*TASK DESCRIPTION*.
Lines below that include the word "linarith" should each be copied.

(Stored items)
★ ★ ★ ★
(* Let $\Omega=\{1,\ldots,n\}$, let $\mathbf{p}=(p_1,\ldots,p_n)$ and $\mathbf{q}=(q_1,\ldots,q_n)$ be probability vectors, and let $1\le s\le n$; set $\Omega_1=\{1,\ldots,s\}$ and $\Omega_2=\{s+1,\ldots,n\}$. For weights $w=(w_{i,j})_{i\ne j}$ with $0\le w_{i,j}\le1$ and $w_{i,j}+w_{j,i}=1$, define $p_I^w(k)=p_k^2+\sum_{i\ne k}2p_ip_kw_{k,i}$ and $A(w)=\sum_{k=1}^n\min(q_k,p_I^w(k))$; let $P^\star(\mathrm{acc})=\max_w A(w)$. Call $w$ truncated if $w_{i,j}=1$ whenever $i\in\Omega_1,j\in\Omega_2$, and $w_{i,j}=1$ whenever $i,j\in\Omega_2$ with $i<j$ (the weights $w_{i,j}$ with $i,j\in\Omega_1$ being free). Let $\tilde w$ be a truncated weight family maximizing $\sum_{k=1}^s\min(q_k,p_I^{w}(k))$ over truncated $w$, and let $\tilde P(\mathrm{acc})=A(\tilde w)$. Then $$\tilde P(\mathrm{acc})\ \ge\ P^\star(\mathrm{acc})-\sum_{x\in\Omega_2}\big(q_x-p_x^2\big)^+ .$$
   Context: Interpretation: with two draft tokens $X_1,X_2$ drawn i.i.d. from $\mathbf{p}$, $w_{i,j}$ is the probability of selecting token $i$ when the unordered input pair is $\{i,j\}$, $p_I^w$ is the distribution of the selected token, and $A(w)$ is the acceptance probability after applying single-draft speculative sampling against $\mathbf{q}$; by the optimal-transport characterization, $\max_w A(w)$ is the optimal acceptance probability. In the paper the tokens are additionally ordered so that $q_1-p_1^2\ge\cdots\ge q_n-p_n^2$. $(a)^+=\max(a,0)$. *)

theory Defs
  imports Complex_Main
begin

definition prob_vec :: "nat \<Rightarrow> (nat \<Rightarrow> real) \<Rightarrow> bool" where
  "prob_vec n p \<longleftrightarrow> (\<forall>i\<in>{1..n}. 0 \<le> p i) \<and> (\<Sum>i=1..n. p i) = 1"

definition valid_weight :: "nat \<Rightarrow> (nat \<Rightarrow> nat \<Rightarrow> real) \<Rightarrow> bool" where
  "valid_weight n w \<longleftrightarrow>
     (\<forall>i\<in>{1..n}. \<forall>j\<in>{1..n}. i \<noteq> j \<longrightarrow>
        0 \<le> w i j \<and> w i j \<le> 1 \<and> w i j + w j i = 1)"

definition pI :: "nat \<Rightarrow> (nat \<Rightarrow> real) \<Rightarrow> (nat \<Rightarrow> nat \<Rightarrow> real) \<Rightarrow> nat \<Rightarrow> real" where
  "pI n p w k = (p k)^2 + (\<Sum>i\<in>{1..n} - {k}. 2 * p i * p k * w k i)"

definition accept :: "nat \<Rightarrow> (nat \<Rightarrow> real) \<Rightarrow> (nat \<Rightarrow> real) \<Rightarrow> (nat \<Rightarrow> nat \<Rightarrow> real) \<Rightarrow> real" where
  "accept n p q w = (\<Sum>k=1..n. min (q k) (pI n p w k))"

definition opt_accept :: "nat \<Rightarrow> (nat \<Rightarrow> real) \<Rightarrow> (nat \<Rightarrow> real) \<Rightarrow> real" where
  "opt_accept n p q = (SUP w\<in>{w. valid_weight n w}. accept n p q w)"

definition truncated :: "nat \<Rightarrow> nat \<Rightarrow> (nat \<Rightarrow> nat \<Rightarrow> real) \<Rightarrow> bool" where
  "truncated n s w \<longleftrightarrow> valid_weight n w \<and>
     (\<forall>i\<in>{1..s}. \<forall>j\<in>{s+1..n}. w i j = 1) \<and>
     (\<forall>i\<in>{s+1..n}. \<forall>j\<in>{s+1..n}. i < j \<longrightarrow> w i j = 1)"

definition partial_accept :: "nat \<Rightarrow> nat \<Rightarrow> (nat \<Rightarrow> real) \<Rightarrow> (nat \<Rightarrow> real) \<Rightarrow> (nat \<Rightarrow> nat \<Rightarrow> real) \<Rightarrow> real" where
  "partial_accept n s p q w = (\<Sum>k=1..s. min (q k) (pI n p w k))"

end

theory Submission
  imports Defs
begin

text \<open>Any weight family can be truncated without lowering the mass it sends to the
  tokens of \<open>\<Omega>\<^sub>1\<close>: keep its weights inside \<open>\<Omega>\<^sub>1\<close> and let \<open>\<Omega>\<^sub>1\<close> win every pair against \<open>\<Omega>\<^sub>2\<close>.
  Hence the optimal truncated family is at least as good on \<open>\<Omega>\<^sub>1\<close> as any family.
  On \<open>\<Omega>\<^sub>2\<close> an arbitrary family gains at most \<open>q\<^sub>x\<close> per token, whereas every family already
  delivers at least \<open>min q\<^sub>x p\<^sub>x\<^sup>2\<close>, since a token is selected whenever both drafts equal it;
  the difference is \<open>(q\<^sub>x - p\<^sub>x\<^sup>2)\<^sup>+\<close>.\<close>

definition truncate_weight :: "nat \<Rightarrow> (nat \<Rightarrow> nat \<Rightarrow> real) \<Rightarrow> nat \<Rightarrow> nat \<Rightarrow> real" where
  "truncate_weight s w i j =
     (if i \<le> s \<and> j \<le> s then w i j
      else if i \<le> s then 1
      else if j \<le> s then 0
      else if i < j then 1 else 0)"

lemma valid_weight_const_half: "valid_weight n (\<lambda>i j. 1 / 2)"
  unfolding valid_weight_def by simp

lemma truncated_truncate_weight:
  assumes "valid_weight n w"
  shows "truncated n s (truncate_weight s w)"
proof -
  have "valid_weight n (truncate_weight s w)"
    using assms unfolding valid_weight_def truncate_weight_def by auto
  then show ?thesis
    unfolding truncated_def truncate_weight_def by auto
qed

lemma truncate_weight_ge:
  assumes "valid_weight n w" and "i \<in> {1..n}" and "j \<in> {1..n}" and "i \<noteq> j" and "i \<le> s"
  shows "w i j \<le> truncate_weight s w i j"
  using assms unfolding valid_weight_def truncate_weight_def by auto

lemma pI_mono_weight:
  assumes "\<forall>i\<in>{1..n}. 0 \<le> p i" and "k \<in> {1..n}"
    and "\<And>i. i \<in> {1..n} - {k} \<Longrightarrow> w k i \<le> w' k i"
  shows "pI n p w k \<le> pI n p w' k"
  unfolding pI_def
proof (rule add_left_mono, rule sum_mono)
  fix i assume i: "i \<in> {1..n} - {k}"
  have "0 \<le> 2 * p i * p k" using assms(1,2) i by auto
  with assms(3)[OF i] show "2 * p i * p k * w k i \<le> 2 * p i * p k * w' k i"
    by (rule mult_left_mono)
qed

lemma power2_le_pI:
  assumes "\<forall>i\<in>{1..n}. 0 \<le> p i" and "valid_weight n w" and "k \<in> {1..n}"
  shows "(p k)\<^sup>2 \<le> pI n p w k"
proof -
  have "0 \<le> (\<Sum>i\<in>{1..n} - {k}. 2 * p i * p k * w k i)"
    using assms unfolding valid_weight_def by (intro sum_nonneg) auto
  then show ?thesis unfolding pI_def by simp
qed

lemma partial_accept_le_truncate_weight:
  assumes "\<forall>i\<in>{1..n}. 0 \<le> p i" and "valid_weight n w" and "s \<le> n"
  shows "partial_accept n s p q w \<le> partial_accept n s p q (truncate_weight s w)"
  unfolding partial_accept_def
proof (rule sum_mono)
  fix k assume k: "k \<in> {1..s}"
  have "pI n p w k \<le> pI n p (truncate_weight s w) k"
    using assms k by (intro pI_mono_weight truncate_weight_ge) auto
  then show "min (q k) (pI n p w k) \<le> min (q k) (pI n p (truncate_weight s w) k)"
    by (rule min.mono[OF order_refl])
qed

lemma accept_eq_partial_accept_add:
  assumes "s \<le> n"
  shows "accept n p q w = partial_accept n s p q w + (\<Sum>k=s+1..n. min (q k) (pI n p w k))"
proof -
  have "{1..n} = {1..s} \<union> {s+1..n}" and "{1..s} \<inter> {s+1..n} = {}"
    using assms by auto
  then show ?thesis
    unfolding accept_def partial_accept_def by (simp add: sum.union_disjoint)
qed

lemma accept_le_partial_accept_add:
  assumes "s \<le> n"
  shows "accept n p q w \<le> partial_accept n s p q w + (\<Sum>k=s+1..n. q k)"
  unfolding accept_eq_partial_accept_add[OF assms] by (intro add_left_mono sum_mono) simp

lemma partial_accept_add_le_accept:
  assumes "\<forall>i\<in>{1..n}. 0 \<le> p i" and "valid_weight n w" and "s \<le> n"
  shows "partial_accept n s p q w + (\<Sum>k=s+1..n. min (q k) ((p k)\<^sup>2)) \<le> accept n p q w"
  unfolding accept_eq_partial_accept_add[OF assms(3)]
proof (intro add_left_mono sum_mono)
  fix k assume "k \<in> {s+1..n}"
  then have "(p k)\<^sup>2 \<le> pI n p w k" using assms by (intro power2_le_pI) auto
  then show "min (q k) ((p k)\<^sup>2) \<le> min (q k) (pI n p w k)"
    by (rule min.mono[OF order_refl])
qed

lemma accept_le_truncated_optimum:
  assumes "\<forall>i\<in>{1..n}. 0 \<le> p i" and "s \<le> n"
    and "truncated n s wt"
    and "\<forall>w. truncated n s w \<longrightarrow> partial_accept n s p q w \<le> partial_accept n s p q wt"
    and "valid_weight n w"
  shows "accept n p q w \<le> accept n p q wt + (\<Sum>x=s+1..n. max (q x - (p x)\<^sup>2) 0)"
proof -
  have "partial_accept n s p q w \<le> partial_accept n s p q (truncate_weight s w)"
    using assms by (intro partial_accept_le_truncate_weight)
  also have "\<dots> \<le> partial_accept n s p q wt"
    using assms(4) truncated_truncate_weight[OF assms(5)] by blast
  finally have partial: "partial_accept n s p q w \<le> partial_accept n s p q wt" .
  have "valid_weight n wt" using assms(3) unfolding truncated_def by blast
  then have wt: "partial_accept n s p q wt + (\<Sum>k=s+1..n. min (q k) ((p k)\<^sup>2)) \<le> accept n p q wt"
    using assms by (intro partial_accept_add_le_accept)
  have "(\<Sum>k=s+1..n. q k)
      = (\<Sum>k=s+1..n. min (q k) ((p k)\<^sup>2)) + (\<Sum>x=s+1..n. max (q x - (p x)\<^sup>2) 0)"
    unfolding sum.distrib[symmetric] by (rule sum.cong) auto
  then show ?thesis
    using accept_le_partial_accept_add[OF assms(2), of p q w] partial wt by linarith
qed

theorem mainTheorem5:
  fixes n s :: nat and p q :: "nat \<Rightarrow> real" and wt :: "nat \<Rightarrow> nat \<Rightarrow> real"
  assumes "prob_vec n p" and "prob_vec n q"
    and "1 \<le> s" and "s \<le> n"
    and "truncated n s wt"
    and "\<forall>w. truncated n s w \<longrightarrow> partial_accept n s p q w \<le> partial_accept n s p q wt"
  shows "accept n p q wt \<ge> opt_accept n p q - (\<Sum>x=s+1..n. max (q x - (p x)^2) 0)"
proof -
  have p_nonneg: "\<forall>i\<in>{1..n}. 0 \<le> p i"
    using assms(1) unfolding prob_vec_def by blast
  have "opt_accept n p q \<le> accept n p q wt + (\<Sum>x=s+1..n. max (q x - (p x)\<^sup>2) 0)"
    unfolding opt_accept_def
  proof (rule cSUP_least)
    show "{w. valid_weight n w} \<noteq> {}"
      using valid_weight_const_half by blast
  qed (use accept_le_truncated_optimum[OF p_nonneg assms(4-6)] in simp)
  then show ?thesis by linarith
qed

end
★ ★ ★ ★
*EXERCISE ANSWER*.
    using accept_le_partial_accept_add[OF assms(2), of p q w] partial wt by linarith
  then show ?thesis by linarith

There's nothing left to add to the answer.